Note: If you have upgraded from a prior version, due to improvements in data extraction, search scoring, and protein grouping, you will see some differences in validated results compared to the earlier version. When comparing data sets, it is best to reprocess (extract, search, autovalidate) them using the B.05.00 version.

Installation and Configuration

The following installation and configuration features are new in the Spectrum Mill workbench version B.05.00. For details, see the Installation Guide.

Operating system

Spectrum Mill B.05.00 is supported on the following Microsoft Windows operating systems:

Windows 7 and Windows Server 2008 R2
Windows Server 2012 R2

Only 64-bit versions of the above operating systems are supported.

If you configure a new system, Agilent recommends that you provide adequate memory (16 GB or more) and adequate disk space (1 to 2 TB for data).

Perl

ActiveState Perl 5.18.4 is supplied with this release. Install the 64-bit MSI. (Uninstall the prior version first.)

JRE

Java JRE 1.8u45 is included in this release. Install both the 32- and 64-bit JREs, even if you run the 64-bit Internet Explorer (IE 11).

Be sure to install JREs on all client browsers, as well as the Spectrum Mill server.

IIS

IIS must be installed before you install the Spectrum Mill workbench.

See the Installation Guide for details on configuration of IIS.

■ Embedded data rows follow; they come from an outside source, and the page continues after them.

(* Let $a\geq 3$ and $m\geq 1$ be integers. There is a bijective correspondence between right $0$-pyramids of pieces of length $a$ and of size $m$, and $a$-ary trees with $m$ nodes.
   Context: For a positive integer $n$, an $n$-ary tree is a planar rooted tree all of whose vertices have order (degree) $1$ or $n+1$ and whose root has order $1$; the vertices of order $n+1$ are called nodes. A piece is an open interval $]s,s+a[$ with $s\in\mathbb Z$; two pieces are concurrent iff their intervals intersect. A heap is a finite configuration obtained by successively dropping pieces vertically towards the horizontal axis, each coming to rest on the axis or on top of the highest previously placed piece whose interval meets its own; configurations (not dropping orders) are counted. A pyramid is a heap with a unique bottom piece (exactly one piece on the axis); its size is its number of pieces. A right $0$-pyramid is a pyramid whose bottom piece covers $]0,a[$ and is a leftmost piece (no piece covers $]t,t+a[$ with $t<0$). *)

theory Defs
  imports Main "HOL.Real"
begin

text \<open>A placed piece is a pair (s, h): the piece covers the open interval ]s, s+a[
  and sits at level h (h = 0 means it lies on the horizontal axis).\<close>

definition concurrent :: "nat \<Rightarrow> int \<Rightarrow> int \<Rightarrow> bool" where
  "concurrent a s t \<longleftrightarrow>
     {x::real. of_int s < x \<and> x < of_int s + of_nat a} \<inter>
     {x::real. of_int t < x \<and> x < of_int t + of_nat a} \<noteq> {}"

definition drop_level :: "nat \<Rightarrow> (int \<times> nat) set \<Rightarrow> int \<Rightarrow> nat" where
  "drop_level a H s =
     (if \<exists>(t, h) \<in> H. concurrent a s t
      then Suc (Max {h. \<exists>t. (t, h) \<in> H \<and> concurrent a s t})
      else 0)"

inductive heap :: "nat \<Rightarrow> (int \<times> nat) set \<Rightarrow> bool" for a :: nat where
  heap_empty: "heap a {}"
| heap_drop: "heap a H \<Longrightarrow> heap a (insert (s, drop_level a H s) H)"

definition pyramid :: "nat \<Rightarrow> (int \<times> nat) set \<Rightarrow> bool" where
  "pyramid a H \<longleftrightarrow> heap a H \<and> card {p \<in> H. snd p = 0} = 1"

definition right_zero_pyramid :: "nat \<Rightarrow> (int \<times> nat) set \<Rightarrow> bool" where
  "right_zero_pyramid a H \<longleftrightarrow>
     pyramid a H \<and> (0, 0) \<in> H \<and> (\<forall>(t, h) \<in> H. \<not> t < 0)"

datatype ptree = PT "ptree list"

fun children :: "ptree \<Rightarrow> ptree list" where
  "children (PT cs) = cs"

text \<open>Every non-root vertex has order (number of children + 1); the root has order
  (number of children).  nonroot_ok n t: every vertex of t, regarded as a non-root vertex,
  has order 1 or n+1.\<close>

fun nonroot_ok :: "nat \<Rightarrow> ptree \<Rightarrow> bool" where
  "nonroot_ok n (PT cs) =
     ((length cs + 1 = 1 \<or> length cs + 1 = n + 1) \<and> list_all (nonroot_ok n) cs)"

definition nary_tree :: "nat \<Rightarrow> ptree \<Rightarrow> bool" where
  "nary_tree n t \<longleftrightarrow> length (children t) = 1 \<and> list_all (nonroot_ok n) (children t)"

fun nonroot_nodes :: "nat \<Rightarrow> ptree \<Rightarrow> nat" where
  "nonroot_nodes n (PT cs) =
     (if length cs + 1 = n + 1 then 1 else 0) + sum_list (map (nonroot_nodes n) cs)"

definition num_nodes :: "nat \<Rightarrow> ptree \<Rightarrow> nat" where
  "num_nodes n t =
     (if length (children t) = n + 1 then 1 else 0) + sum_list (map (nonroot_nodes n) (children t))"

end

theory Submission
  imports Defs
begin

text \<open>Every heap is obtained by dropping pieces at the positions of a word, and two
  consecutive letters may be swapped when their pieces are not concurrent.  An a-ary tree is read
  as such a word: a node drops a piece at position 0 and then the pieces of its k-th subtree
  shifted by k.  This gives a right 0-pyramid with one piece per node.  Conversely, removing a
  highest piece of a right 0-pyramid and growing the tree of the rest shows that every right
  0-pyramid arises.  Finally, the last letter of the word of a tree is the leftmost maximal piece
  of its heap, so the heap determines that letter and, by induction, the tree.
  The argument works for every a > 0.\<close>

lemma concurrent_iff: "concurrent a s t \<longleftrightarrow> \<bar>s - t\<bar> < int a"
proof
  assume "concurrent a s t"
  then obtain x :: real where
    "of_int s < x" "x < of_int s + of_nat a" "of_int t < x" "x < of_int t + of_nat a"
    unfolding concurrent_def by auto
  then have "real_of_int (s - t) < of_nat a" "real_of_int (t - s) < of_nat a"
    by auto
  then show "\<bar>s - t\<bar> < int a"
    by linarith
next
  assume "\<bar>s - t\<bar> < int a"
  then have "real_of_int (s - t) \<le> of_int (int a - 1)" "real_of_int (t - s) \<le> of_int (int a - 1)"
    by (simp_all only: of_int_le_iff)
  then have "\<exists>x :: real. of_int s < x \<and> x < of_int s + of_nat a \<and> of_int t < x \<and> x < of_int t + of_nat a"
    by (intro exI[of _ "of_int (max s t) + 1/2"]) (auto simp: max_def)
  then show "concurrent a s t"
    unfolding concurrent_def by auto
qed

MSFileReader Support (for .raw files)

To process Thermo Scientific .raw files, Spectrum Mill B.05.00 can use either Xcalibur or the 64-bit Thermo Scientific MSFileReader. If you want to use one of these programs, install it on the server before you install the Spectrum Mill workbench. You can install it afterwards, but you must do some additional steps. (See the Installation Guide for details.)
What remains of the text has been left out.